- Battle of Yurkud (2012): Part of the War in Somalia (2009–present)
| Date | 10 March 2012 |
| Location | Yurkud, Somalia |
| Result | Ethiopian Victory |

Belligerents
- Ethiopia: Al-Shabab

Commanders and leaders
- Diyad Abdi Kalil: Abdiaziz Abu-Musab

Strength
- Ethiopia: Unknown: Al-Shabab: Unknown

Casualties and losses
- : 6 killed 73 killed (Al-Shabaab claim): : 17+ killed 5 killed (Al-Shabaab claim)

= Battle of Yurkud (2012) =

Part of the War in Somalia (2009–present)

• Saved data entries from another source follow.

(* Let $$\Delta t_{\mathrm{CFL}}=\frac{2}{\frac{2\hbar}{m}\left(\frac{1}{(\Delta x)^2}+\frac{1}{(\Delta y)^2}+\frac{1}{(\Delta z)^2}\right)+\frac{\max_{i,j,k}|U_{i,j,k}|}{\hbar}}$$ be the CFL limit of the whole region, and for $1\le i\le n_x$, $1\le j\le n_y$, $1\le k\le n_z$ let $\Delta t^{(i,j,k)}_{\mathrm{CFL,gen}}$ be the generalized CFL limit of the single-cell region ($n_x=n_y=n_z=1$) formed by the primary cell with corners $(i,j,k)$ and $(i+1,j+1,k+1)$, with potential $U_{i+a,j+b,k+c}$ ($a,b,c\in\{0,1\}$) at its local node $(a+1,b+1,c+1)$. Then $$\Delta t_{\mathrm{CFL}}\le\min_{i,j,k}\Delta t^{(i,j,k)}_{\mathrm{CFL,gen}}.$$
   Context: Fix constants $\hbar>0$, $m>0$, cell sizes $\Delta x,\Delta y,\Delta z>0$ and positive integers $n_x,n_y,n_z$. The region is a box of $n_x\times n_y\times n_z$ primary cells of size $\Delta x\times\Delta y\times\Delta z$ with primary nodes $(i,j,k)$, $1\le i\le n_x+1$, $1\le j\le n_y+1$, $1\le k\le n_z+1$, carrying real potential values $U_{i,j,k}$. For a single-cell region (local nodes $(a+1,b+1,c+1)$, $a,b,c\in\{0,1\}$, ordered by $(a+1)+2b+4c$), let $D_U$ be the $8\times 8$ diagonal matrix of its node potentials, $I_p$ the $p\times p$ identity, $W_1=[-1\ \ 1]$, $\otimes$ the Kronecker product, and define $D_V''=\frac{\Delta x\Delta y\Delta z}{8}I_8$; $D=-[I_2\otimes I_2\otimes W_1^T\ \ I_2\otimes W_1^T\otimes I_2\ \ W_1^T\otimes I_2\otimes I_2]$; $D_S''=\mathrm{diag}(\frac{\Delta y\Delta z}{4}I_4,\frac{\Delta x\Delta z}{4}I_4,\frac{\Delta x\Delta y}{4}I_4)$; $D_l'=\mathrm{diag}(\Delta x I_4,\Delta y I_4,\Delta z I_4)$; $H=\frac{\hbar^2}{2m}D D_S''(D_l')^{-1}D^T+D_V''D_U$. Its generalized CFL limit is $2/\rho\!\left(\frac{1}{\hbar}(D_V'')^{-1/2}H(D_V'')^{-1/2}\right)$, with $\rho$ the spectral radius. *)

theory Defs
  imports "Jordan_Normal_Form.Spectral_Radius"
begin

definition kron :: "'a :: times mat \<Rightarrow> 'a mat \<Rightarrow> 'a mat" where
  "kron A B = mat (dim_row A * dim_row B) (dim_col A * dim_col B)
     (\<lambda>(i, j). A $$ (i div dim_row B, j div dim_col B) * B $$ (i mod dim_row B, j mod dim_col B))"

definition hcat :: "'a :: zero mat \<Rightarrow> 'a mat \<Rightarrow> 'a mat" where
  "hcat A B = mat (dim_row A) (dim_col A + dim_col B)
     (\<lambda>(i, j). if j < dim_col A then A $$ (i, j) else B $$ (i, j - dim_col A))"

definition W1 :: "real mat" where
  "W1 = mat_of_rows_list 2 [[-1, 1]]"

definition Dmat :: "real mat" where
  "Dmat = - hcat (kron (1\<^sub>m 2) (kron (1\<^sub>m 2) (transpose_mat W1)))
             (hcat (kron (1\<^sub>m 2) (kron (transpose_mat W1) (1\<^sub>m 2)))
                   (kron (transpose_mat W1) (kron (1\<^sub>m 2) (1\<^sub>m 2))))"

definition DV2 :: "real \<Rightarrow> real \<Rightarrow> real \<Rightarrow> real mat" where
  "DV2 dx dy dz = (dx * dy * dz / 8) \<cdot>\<^sub>m 1\<^sub>m 8"

definition DS2 :: "real \<Rightarrow> real \<Rightarrow> real \<Rightarrow> real mat" where
  "DS2 dx dy dz = diag_block_mat [(dy * dz / 4) \<cdot>\<^sub>m 1\<^sub>m 4, (dx * dz / 4) \<cdot>\<^sub>m 1\<^sub>m 4,
                                   (dx * dy / 4) \<cdot>\<^sub>m 1\<^sub>m 4]"

definition Dl1 :: "real \<Rightarrow> real \<Rightarrow> real \<Rightarrow> real mat" where
  "Dl1 dx dy dz = diag_block_mat [dx \<cdot>\<^sub>m 1\<^sub>m 4, dy \<cdot>\<^sub>m 1\<^sub>m 4, dz \<cdot>\<^sub>m 1\<^sub>m 4]"

definition Dl1_inv :: "real \<Rightarrow> real \<Rightarrow> real \<Rightarrow> real mat" where
  "Dl1_inv dx dy dz = diag_block_mat [(1 / dx) \<cdot>\<^sub>m 1\<^sub>m 4, (1 / dy) \<cdot>\<^sub>m 1\<^sub>m 4, (1 / dz) \<cdot>\<^sub>m 1\<^sub>m 4]"

text \<open>D_U for a single cell: potentials u of the local nodes, local node (a+1,b+1,c+1)
  at 0-based position a + 2b + 4c.\<close>
definition DU :: "(nat \<Rightarrow> nat \<Rightarrow> nat \<Rightarrow> real) \<Rightarrow> real mat" where
  "DU u = mat_diag 8 (\<lambda>p. u (p mod 2) ((p div 2) mod 2) (p div 4))"

definition Hcell :: "real \<Rightarrow> real \<Rightarrow> real \<Rightarrow> real \<Rightarrow> real \<Rightarrow>
                     (nat \<Rightarrow> nat \<Rightarrow> nat \<Rightarrow> real) \<Rightarrow> real mat" where
  "Hcell hbar m dx dy dz u =
     (hbar^2 / (2 * m)) \<cdot>\<^sub>m (Dmat * DS2 dx dy dz * Dl1_inv dx dy dz * transpose_mat Dmat)
     + DV2 dx dy dz * DU u"

definition DV2_inv_sqrt :: "real \<Rightarrow> real \<Rightarrow> real \<Rightarrow> real mat" where
  "DV2_inv_sqrt dx dy dz = (1 / sqrt (dx * dy * dz / 8)) \<cdot>\<^sub>m 1\<^sub>m 8"

definition cfl_gen_cell :: "real \<Rightarrow> real \<Rightarrow> real \<Rightarrow> real \<Rightarrow> real \<Rightarrow>
                     (nat \<Rightarrow> nat \<Rightarrow> nat \<Rightarrow> real) \<Rightarrow> real" where
  "cfl_gen_cell hbar m dx dy dz u =
     2 / spectral_radius (map_mat complex_of_real
        ((1 / hbar) \<cdot>\<^sub>m (DV2_inv_sqrt dx dy dz * Hcell hbar m dx dy dz u * DV2_inv_sqrt dx dy dz)))"

definition cfl_region :: "real \<Rightarrow> real \<Rightarrow> real \<Rightarrow> real \<Rightarrow> real \<Rightarrow> nat \<Rightarrow> nat \<Rightarrow> nat \<Rightarrow>
                     (nat \<Rightarrow> nat \<Rightarrow> nat \<Rightarrow> real) \<Rightarrow> real" where
  "cfl_region hbar m dx dy dz nx ny nz U =
     2 / ((2 * hbar / m) * (1 / dx^2 + 1 / dy^2 + 1 / dz^2)
          + Max {\<bar>U i j k\<bar> | i j k. i \<in> {1..nx+1} \<and> j \<in> {1..ny+1} \<and> k \<in> {1..nz+1}} / hbar)"

end

theory Submission
  imports Defs
begin

(* Since D_V'' is scalar, the scaled single-cell matrix (1/hbar) D_V''^(-1/2) H D_V''^(-1/2) equals
   k L + diag(u/hbar), where k = 4 hbar/(m dx dy dz) and L is the weighted graph Laplacian of the cube
   with edge weights dy dz/(4dx), dx dz/(4dy), dx dy/(4dz). Every row of L has absolute sum twice the
   total weight, so bounding the spectral radius by the maximal absolute row sum gives
   rho <= (2 hbar/m)(1/dx^2 + 1/dy^2 + 1/dz^2) + max|u|/hbar, and the potentials of one cell are bounded
   by those of the whole region. The matrix is real symmetric and nonzero, hence rho > 0: spectral radius 0
   would make it nilpotent (Jordan normal form), and a nilpotent real symmetric matrix vanishes.
   This positivity matters because 2 / 0 = 0 in HOL. *)

lemma pow_mat_add:
  assumes A: "(A :: 'a :: semiring_1 mat) \<in> carrier_mat n n"
  shows "A ^\<^sub>m (k + l) = A ^\<^sub>m k * A ^\<^sub>m l"
proof (induction l)
  case 0
  show ?case using A by simp
next
  case (Suc l)
  have "A ^\<^sub>m (k + Suc l) = A ^\<^sub>m k * A ^\<^sub>m l * A" by (simp add: Suc)
  also have "\<dots> = A ^\<^sub>m k * A ^\<^sub>m Suc l"
    using A by (simp add: assoc_mult_mat[of _ n n _ n _ n])
  finally show ?case .
qed

lemma transpose_pow_mat_symmetric:
  assumes A: "(A :: 'a :: comm_semiring_1 mat) \<in> carrier_mat n n" and sym: "transpose_mat A = A"
  shows "transpose_mat (A ^\<^sub>m k) = A ^\<^sub>m k"
proof (induction k)
  case 0
  show ?case using A by simp
next
  case (Suc k)
  have "transpose_mat (A ^\<^sub>m Suc k) = A * A ^\<^sub>m k"
    using A Suc sym by (simp add: transpose_mult[of _ n n _ n])
  also have "\<dots> = A ^\<^sub>m Suc k"
    using pow_mat_add[OF A, of 1 k] pow_mat_add[OF A, of k 1] A by simp
  finally show ?case .
qed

The Battle of Yurkud was a three-hour-long military engagement on 10 March 2012 fought between Ethiopian military forces and al-Shabab militants approximately 40 km from the Ethiopian border. According to Ethiopian sources, al-Shabab initiated the engagement with an attack on a military base in Yurkud at around 6 a.m. Fighting continued for three hours before, as locals report, al-Shabab was forced to retreat. The number of dead on either side is not known, with reports varying widely. Al-Shabab claimed to have lost five and killed 73, while one local resident said he saw at least 17 al-Shabab dead and another claimed he had seen six dead Ethiopian soldiers.